1) missing_values=np.nan:

This parameter specifies what value the imputer should consider as "missing."
np.nan (from the numpy library) represents missing or undefined values in a dataset.
By setting missing_values=np.nan, you are telling the imputer to look for NaN values in your dataset to impute.

2) strategy='mean':

This parameter specifies the imputation strategy, i.e., how the missing values should be filled.
strategy='mean' means that the imputer will calculate the mean of the non-missing values in each column and replace any missing values (NaN) with this mean.
Other strategies you could use include:
'median': Replace missing values with the median of the column.
'most_frequent': Replace missing values with the most frequent value in the column.
'constant': Replace missing values with a constant value (specified by the fill_value parameter).

In [58]:
# Error code Cannot use mean strategy with non-numeric data: could not convert string to float: 'France'

from sklearn.impute import SimpleImputer
imputer = SimpleImputer(missing_values=np.nan, strategy='mean')
imputer.fit(X)

# Only apply transformations to these columns
X = imputer.transform(X)

# Apply transformations
print(X)


ValueError: Cannot use mean strategy with non-numeric data:
could not convert string to float: 'France'

In [59]:
from sklearn.impute import SimpleImputer
imputer = SimpleImputer(missing_values=np.nan, strategy='mean')
imputer.fit(X[:, 1:3])

# Only apply transformations to these columns
X[:, 1:3] = imputer.transform(X[:, 1:3])

# Apply transformations
print(X)



[['France' 44.0 72000.0]
 ['Spain' 27.0 48000.0]
 ['Germany' 30.0 54000.0]
 ['Spain' 38.0 61000.0]
 ['Germany' 40.0 63777.77777777778]
 ['France' 35.0 58000.0]
 ['Spain' 38.77777777777778 52000.0]
 ['France' 48.0 79000.0]
 ['Germany' 50.0 83000.0]
 ['France' 37.0 67000.0]]


## Encoding categorical data

**ColumnTransformer:**
The ColumnTransformer is a class in scikit-learn that allows you to apply different transformations to different columns of your dataset.
It takes a list of transformers and applies them to specified columns.

1) transformers=[...]:

This parameter specifies a list of transformations to be applied. Each item in the list is a tuple containing three elements:
A name for the transformer: 'encoder' in this case.
The transformer object: OneHotEncoder() here.
The column(s) to apply the transformer to: [0], which refers to the first column of your dataset.

2) OneHotEncoder():

This is a transformer that converts categorical values into a format that can be provided to ML algorithms to do a better job in prediction.
One-hot encoding turns a categorical column with n unique values into n binary columns, where each column corresponds to one of the unique values in the original column.
For example, if the first column contains categories like ['red', 'blue', 'green'], OneHotEncoder will create three new columns, one for each category.

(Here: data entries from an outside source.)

(* For any $\alpha\in[0,1/2)$, if a deterministic algorithm for the $\{0,1\}$-speed SSP problem is $(1+\alpha)$-consistent, then its robustness is at least $(4-2\alpha)/3$.
   Context: $\{0,1\}$-speed SSP: there are $n$ jobs with processing times $p_1,\dots,p_n\ge0$ and $m$ machines, each of speed $0$ (unavailable) or $1$ (available). In the partitioning stage the algorithm knows $\mathbf p$, $m$ and a prediction $\hat m$ of the number of available machines, and partitions the jobs into $m$ possibly empty bags. In the scheduling stage the actual number $m_0\ge1$ of available machines is revealed and each bag is assigned whole to one of the $m_0$ identical unit-speed machines; the makespan is the maximum total processing time on a machine. $opt(\mathbf p,x)$ is the minimum makespan of scheduling the individual jobs on $x$ identical unit-speed machines; $alg(\mathbf p,\hat m,m_0)$ is the algorithm's makespan. An algorithm is $c$-consistent if $alg(\mathbf p,m_0,m_0)\le c\cdot opt(\mathbf p,m_0)$ for all $\mathbf p,m_0$; its robustness is $\sup_{\mathbf p,\hat m,m_0} alg(\mathbf p,\hat m,m_0)/opt(\mathbf p,m_0)$. *)

theory Defs
  imports Complex_Main "HOL-Library.FuncSet" "HOL-Library.Extended_Real"
begin

text \<open>Jobs are a list p of processing times; job j (j < length p) has time p!j.
  Machines, bags are indexed by naturals 0,1,....
  An assignment g maps job indices to machine indices.\<close>

definition load :: "real list \<Rightarrow> (nat \<Rightarrow> nat) \<Rightarrow> nat \<Rightarrow> real" where
  "load p g k = (\<Sum>j\<in>{j. j < length p \<and> g j = k}. p ! j)"

definition makespan :: "real list \<Rightarrow> (nat \<Rightarrow> nat) \<Rightarrow> nat \<Rightarrow> real" where
  "makespan p g x = Max ((\<lambda>k. load p g k) ` {..<x})"

definition opt :: "real list \<Rightarrow> nat \<Rightarrow> real" where
  "opt p x = Min ((\<lambda>g. makespan p g x) ` ({..<length p} \<rightarrow>\<^sub>E {..<x}))"

text \<open>A deterministic algorithm is given by a partitioning function
  part p m mh : job index \<Rightarrow> bag index (bags 0..m-1)
  and a scheduling function
  sched p m mh m0 : bag index \<Rightarrow> machine index (machines 0..m0-1).\<close>

definition valid_input :: "real list \<Rightarrow> nat \<Rightarrow> nat \<Rightarrow> bool" where
  "valid_input p m mh \<longleftrightarrow> (\<forall>x\<in>set p. 0 \<le> x) \<and> 1 \<le> mh \<and> mh \<le> m"

definition valid_alg ::
  "(real list \<Rightarrow> nat \<Rightarrow> nat \<Rightarrow> nat \<Rightarrow> nat) \<Rightarrow>
   (real list \<Rightarrow> nat \<Rightarrow> nat \<Rightarrow> nat \<Rightarrow> nat \<Rightarrow> nat) \<Rightarrow> bool" where
  "valid_alg part sched \<longleftrightarrow>
     (\<forall>p m mh. valid_input p m mh \<longrightarrow>
        (\<forall>j < length p. part p m mh j < m) \<and>
        (\<forall>m0. 1 \<le> m0 \<and> m0 \<le> m \<longrightarrow> (\<forall>i < m. sched p m mh m0 i < m0)))"

definition alg ::
  "(real list \<Rightarrow> nat \<Rightarrow> nat \<Rightarrow> nat \<Rightarrow> nat) \<Rightarrow>
   (real list \<Rightarrow> nat \<Rightarrow> nat \<Rightarrow> nat \<Rightarrow> nat \<Rightarrow> nat) \<Rightarrow>
   real list \<Rightarrow> nat \<Rightarrow> nat \<Rightarrow> nat \<Rightarrow> real" where
  "alg part sched p m mh m0 = makespan p (\<lambda>j. sched p m mh m0 (part p m mh j)) m0"

definition consistent ::
  "(real list \<Rightarrow> nat \<Rightarrow> nat \<Rightarrow> nat \<Rightarrow> nat) \<Rightarrow>
   (real list \<Rightarrow> nat \<Rightarrow> nat \<Rightarrow> nat \<Rightarrow> nat \<Rightarrow> nat) \<Rightarrow> real \<Rightarrow> bool" where
  "consistent part sched c \<longleftrightarrow>
     (\<forall>p m m0. valid_input p m m0 \<longrightarrow> alg part sched p m m0 m0 \<le> c * opt p m0)"

text \<open>Robustness: supremum of alg/opt over all instances (p, m, mh, m0), with 1 \<le> m0 \<le> m.
  (When opt = 0 all jobs are 0 and the ratio 0/0 is taken as 0.)\<close>
definition robustness ::
  "(real list \<Rightarrow> nat \<Rightarrow> nat \<Rightarrow> nat \<Rightarrow> nat) \<Rightarrow>
   (real list \<Rightarrow> nat \<Rightarrow> nat \<Rightarrow> nat \<Rightarrow> nat \<Rightarrow> nat) \<Rightarrow> ereal" where
  "robustness part sched =
     (SUP (p, m, mh, m0) \<in> {(p, m, mh, m0). valid_input p m mh \<and> 1 \<le> m0 \<and> m0 \<le> m}.
        ereal (alg part sched p m mh m0 / opt p m0))"

end

theory Submission
  imports Defs
begin

(* Take six unit jobs, three bags and the correct prediction of three machines. Consistency
   below 3/2 forces makespan < 3 on three machines, so every bag holds at most two jobs. If only
   two machines turn out to be available, two of the three bags share a machine; since the third
   bag holds at most two jobs, that machine receives at least four, while opt = 3. Hence the
   robustness is at least 4/3 >= (4 - 2 alpha)/3. *)

lemma load_replicate_one:
  "load (replicate n 1) g k = real (card {j. j < n \<and> g j = k})"
  unfolding load_def by (simp add: sum.cong[of _ _ "\<lambda>_. 1"])

lemma load_le_makespan: "k < x \<Longrightarrow> load p g k \<le> makespan p g x"
  unfolding makespan_def by (intro Max_ge) auto

lemma makespan_leI:
  "0 < x \<Longrightarrow> (\<And>k. k < x \<Longrightarrow> load p g k \<le> B) \<Longrightarrow> makespan p g x \<le> B"
  unfolding makespan_def by (subst Max_le_iff) auto

lemma opt_le_makespan: "g \<in> {..<length p} \<rightarrow>\<^sub>E {..<x} \<Longrightarrow> opt p x \<le> makespan p g x"
  unfolding opt_def by (intro Min_le) (auto intro: finite_PiE)

lemma opt_geI:
  assumes "0 < x" and "\<And>g. g \<in> {..<length p} \<rightarrow>\<^sub>E {..<x} \<Longrightarrow> B \<le> makespan p g x"
  shows "B \<le> opt p x"
proof -
  have "(\<lambda>_\<in>{..<length p}. 0) \<in> {..<length p} \<rightarrow>\<^sub>E {..<x}"
    using assms(1) by auto
  then have "{..<length p} \<rightarrow>\<^sub>E {..<x} \<noteq> {}" by blast
  then show ?thesis
    unfolding opt_def using assms(2) by (subst Min_ge_iff) (auto intro: finite_PiE)
qed

lemma sum_load_eq_sum_list:
  assumes "\<And>j. j < length p \<Longrightarrow> g j < x"
  shows "(\<Sum>k<x. load p g k) = sum_list p"
proof -
  have "(\<Sum>k<x. load p g k) = (\<Sum>j<length p. p ! j)"
    unfolding load_def using assms
    by (subst sum.group[symmetric, where g = g and T = "{..<x}"]) (auto intro!: sum.cong)
  then show ?thesis by (simp add: sum_list_sum_nth lessThan_atLeast0)
qed

lemma sum_load_le_load_comp:
  assumes "\<And>y. y \<in> set p \<Longrightarrow> 0 \<le> y" and "finite K" and "\<And>k. k \<in> K \<Longrightarrow> h k = c"
  shows "(\<Sum>k\<in>K. load p g k) \<le> load p (\<lambda>j. h (g j)) c"
proof -
  have "(\<Sum>k\<in>K. load p g k) = (\<Sum>j\<in>{j. j < length p \<and> g j \<in> K}. p ! j)"
    unfolding load_def using assms(2)
    by (subst sum.group[symmetric, where g = g and T = K]) (auto intro!: sum.cong)
  also have "\<dots> \<le> load p (\<lambda>j. h (g j)) c"
    unfolding load_def using assms(1,3) by (intro sum_mono2) auto
  finally show ?thesis .
qed

lemma card_residue_class_le: "card {j. j < q * x \<and> j mod x = k} \<le> q"
proof -
  have "{j. j < q * x \<and> j mod x = k} \<subseteq> (\<lambda>i. i * x + k) ` {..<q}"
  proof
    fix j assume "j \<in> {j. j < q * x \<and> j mod x = k}"
    then have "j = (j div x) * x + k" and "j div x < q"
      by (auto simp: less_mult_imp_div_less)
    then show "j \<in> (\<lambda>i. i * x + k) ` {..<q}" by blast
  qed
  then have "card {j. j < q * x \<and> j mod x = k} \<le> card ((\<lambda>i. i * x + k) ` {..<q})"
    by (intro card_mono) auto
  also have "\<dots> \<le> q" using card_image_le[of "{..<q}"] by simp
  finally show ?thesis .
qed

lemma opt_replicate_one_le: "0 < x \<Longrightarrow> opt (replicate (q * x) 1) x \<le> q"
proof -
  assume "0 < x"
  let ?g = "\<lambda>j\<in>{..<q * x}. j mod x"
  have g: "?g \<in> {..<length (replicate (q * x) (1::real))} \<rightarrow>\<^sub>E {..<x}"
    using \<open>0 < x\<close> by auto
  have "makespan (replicate (q * x) 1) ?g x \<le> q"
  proof (rule makespan_leI[OF \<open>0 < x\<close>])
    fix k
    have "{j. j < q * x \<and> ?g j = k} = {j. j < q * x \<and> j mod x = k}" by auto
    then show "load (replicate (q * x) 1) ?g k \<le> q"
      using card_residue_class_le[of q x k] by (simp add: load_replicate_one)
  qed
  then show ?thesis using opt_le_makespan[OF g] by simp
qed

lemma nth_le_opt:
  assumes "\<And>y. y \<in> set p \<Longrightarrow> 0 \<le> y" and "i < length p" and "0 < x"
  shows "p ! i \<le> opt p x"
proof (rule opt_geI[OF \<open>0 < x\<close>])
  fix g assume "g \<in> {..<length p} \<rightarrow>\<^sub>E {..<x}"
  then have "g i < x" using assms(2) by auto
  have "p ! i = (\<Sum>j\<in>{i}. p ! j)" by simp
  also have "\<dots> \<le> load p g (g i)"
    unfolding load_def using assms(1,2) by (intro sum_mono2) auto
  also have "\<dots> \<le> makespan p g x" using \<open>g i < x\<close> by (rule load_le_makespan)
  finally show "p ! i \<le> makespan p g x" .
qed

lemma pair_ge_sum_minus_bound:
  fixes L :: "nat \<Rightarrow> real"
  assumes "\<And>k. k < n \<Longrightarrow> L k \<le> B" and "k1 \<noteq> k2" and "k1 < n" and "k2 < n"
  shows "(\<Sum>k<n. L k) - real (n - 2) * B \<le> L k1 + L k2"
proof -
  have "(\<Sum>k<n. L k) = (\<Sum>k\<in>{..<n} - {k1, k2}. L k) + (\<Sum>k\<in>{k1, k2}. L k)"
    using assms(3,4) by (intro sum.subset_diff) auto
  also have "(\<Sum>k\<in>{..<n} - {k1, k2}. L k) \<le> real (card ({..<n} - {k1, k2})) * B"
    using assms(1) by (intro sum_bounded_above) auto
  also have "card ({..<n} - {k1, k2}) = n - 2"
    using assms(2-4) by (subst card_Diff_subset) auto
  finally show ?thesis using assms(2) by simp
qed

lemma pigeonhole_lessThan:
  fixes f :: "nat \<Rightarrow> nat"
  assumes "\<And>i. i < n \<Longrightarrow> f i < n'" and "n' < n"
  obtains i j where "i < n" and "j < n" and "i \<noteq> j" and "f i = f j"
proof -
  have "card (f ` {..<n}) \<le> card {..<n'}"
    using assms(1) by (intro card_mono) auto
  then have "\<not> inj_on f {..<n}"
    using assms(2) by (intro pigeonhole) simp
  then show ?thesis using that unfolding inj_on_def by blast
qed

lemma valid_algD:
  assumes "valid_alg part sched" and "valid_input p m mh"
  shows "j < length p \<Longrightarrow> part p m mh j < m"
    and "1 \<le> m0 \<Longrightarrow> m0 \<le> m \<Longrightarrow> i < m \<Longrightarrow> sched p m mh m0 i < m0"
  using assms unfolding valid_alg_def by blast+

lemma sum_bag_loads_le_alg:
  assumes "valid_alg part sched" and "valid_input p m mh" and "1 \<le> m0" and "m0 \<le> m"
    and "K \<subseteq> {..<m}" and "k0 \<in> K" and "\<And>k. k \<in> K \<Longrightarrow> sched p m mh m0 k = sched p m mh m0 k0"
  shows "(\<Sum>k\<in>K. load p (part p m mh) k) \<le> alg part sched p m mh m0"
proof -
  have nonneg: "\<And>y. y \<in> set p \<Longrightarrow> 0 \<le> y"
    using assms(2) by (simp add: valid_input_def)
  have "sched p m mh m0 k0 < m0"
    using valid_algD(2)[OF assms(1-4)] assms(5,6) by blast
  moreover have "(\<Sum>k\<in>K. load p (part p m mh) k)
      \<le> load p (\<lambda>j. sched p m mh m0 (part p m mh j)) (sched p m mh m0 k0)"
    using sum_load_le_load_comp[OF nonneg finite_subset[OF assms(5) finite_lessThan] assms(7)] .
  ultimately show ?thesis
    unfolding alg_def using load_le_makespan order_trans by blast
qed

lemma ratio_le_robustness:
  assumes "valid_input p m mh" and "1 \<le> m0" and "m0 \<le> m"
  shows "ereal (alg part sched p m mh m0 / opt p m0) \<le> robustness part sched"
  unfolding robustness_def using assms by (intro SUP_upper2[of "(p, m, mh, m0)"]) auto

lemma consistent_bag_load_le:
  fixes c :: real
  assumes "valid_alg part sched" and "consistent part sched c" and "0 \<le> c" and "c * q < q + 1"
    and "0 < m" and "k < m"
  shows "load (replicate (q * m) 1) (part (replicate (q * m) 1) m m) k \<le> q"
proof -
  let ?p = "replicate (q * m) (1::real)"
  have p: "valid_input ?p m m" using assms(5) by (simp add: valid_input_def)
  have "load ?p (part ?p m m) k \<le> alg part sched ?p m m m"
    using sum_bag_loads_le_alg[OF assms(1) p, of m "{k}" k] assms(5,6) by simp
  also have "\<dots> \<le> c * opt ?p m"
    using assms(2) p unfolding consistent_def by blast
  also have "\<dots> \<le> c * q"
    using opt_replicate_one_le[OF assms(5)] assms(3) by (intro mult_left_mono)
  finally have "card {j. j < q * m \<and> part ?p m m j = k} < q + 1"
    using assms(4) unfolding load_replicate_one by linarith
  then show ?thesis unfolding load_replicate_one by simp
qed

lemma alg_one_machine_less_ge:
  assumes "valid_alg part sched" and "valid_input p m mh" and "2 \<le> m"
    and "\<And>k. k < m \<Longrightarrow> load p (part p m mh) k \<le> B"
  shows "sum_list p - real (m - 2) * B \<le> alg part sched p m mh (m - 1)"
proof -
  have "sched p m mh (m - 1) k < m - 1" if "k < m" for k
    using valid_algD(2)[OF assms(1,2) _ _ that] assms(3) by simp
  then obtain k1 k2
    where k: "k1 < m" "k2 < m" "k1 \<noteq> k2" "sched p m mh (m - 1) k1 = sched p m mh (m - 1) k2"
    by (rule pigeonhole_lessThan) (use assms(3) in auto)
  have "sum_list p = (\<Sum>k<m. load p (part p m mh) k)"
    using valid_algD(1)[OF assms(1,2)] by (rule sum_load_eq_sum_list[symmetric])
  then have "sum_list p - real (m - 2) * B \<le> load p (part p m mh) k1 + load p (part p m mh) k2"
    using pair_ge_sum_minus_bound[OF assms(4) k(3,1,2)] by simp
  also have "\<dots> = (\<Sum>k\<in>{k1, k2}. load p (part p m mh) k)"
    using k(3) by simp
  also have "\<dots> \<le> alg part sched p m mh (m - 1)"
    by (rule sum_bag_loads_le_alg[OF assms(1,2)]) (use assms(3) k in auto)
  finally show ?thesis .
qed

theorem theorem6:
  fixes \<alpha> :: real
    and part :: "real list \<Rightarrow> nat \<Rightarrow> nat \<Rightarrow> nat \<Rightarrow> nat"
    and sched :: "real list \<Rightarrow> nat \<Rightarrow> nat \<Rightarrow> nat \<Rightarrow> nat \<Rightarrow> nat"
  assumes "0 \<le> \<alpha>" and "\<alpha> < 1/2"
    and "valid_alg part sched"
    and "consistent part sched (1 + \<alpha>)"
  shows "robustness part sched \<ge> ereal ((4 - 2 * \<alpha>) / 3)"
proof -
  define p where "p = replicate (2 * 3) (1::real)"
  have p: "valid_input p 3 3" by (simp add: valid_input_def p_def)
  have "load p (part p 3 3) k \<le> 2" if "k < 3" for k
    using consistent_bag_load_le[OF assms(3,4), of 2 3 k] assms(1,2) that by (simp add: p_def)
  then have "sum_list p - 1 * 2 \<le> alg part sched p 3 3 2"
    using alg_one_machine_less_ge[OF assms(3) p, of 2] by simp
  then have alg_ge_four: "4 \<le> alg part sched p 3 3 2" by (simp add: p_def sum_list_replicate)
  have opt_ge_one: "1 \<le> opt p 2" using nth_le_opt[of p 0 2] by (simp add: p_def)
  have opt_le_three: "opt p 2 \<le> 3" using opt_replicate_one_le[of 2 3] by (simp add: p_def)
  have "ereal ((4 - 2 * \<alpha>) / 3) \<le> ereal (4 / 3)" using assms(1) by simp
  also have "\<dots> \<le> ereal (alg part sched p 3 3 2 / opt p 2)"
    using alg_ge_four opt_ge_one opt_le_three by (simp add: field_simps)
  also have "\<dots> \<le> robustness part sched"
    by (rule ratio_le_robustness[OF p]) simp_all
  finally show ?thesis .
qed

end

3) remainder='passthrough':

This parameter tells ColumnTransformer what to do with the columns that are not explicitly transformed by the transformers list.
'passthrough' means that all other columns should be left unchanged and passed through in the final output.
Other options include 'drop' to drop the other columns or applying another transformer to them.

4) X = np.array(ct.fit_transform(X)):

fit_transform(X) applies the transformation(s) defined in the ColumnTransformer to the data X.
This line transforms the specified columns in X according to the provided transformers (in this case, one-hot encoding the first column) and returns the transformed array.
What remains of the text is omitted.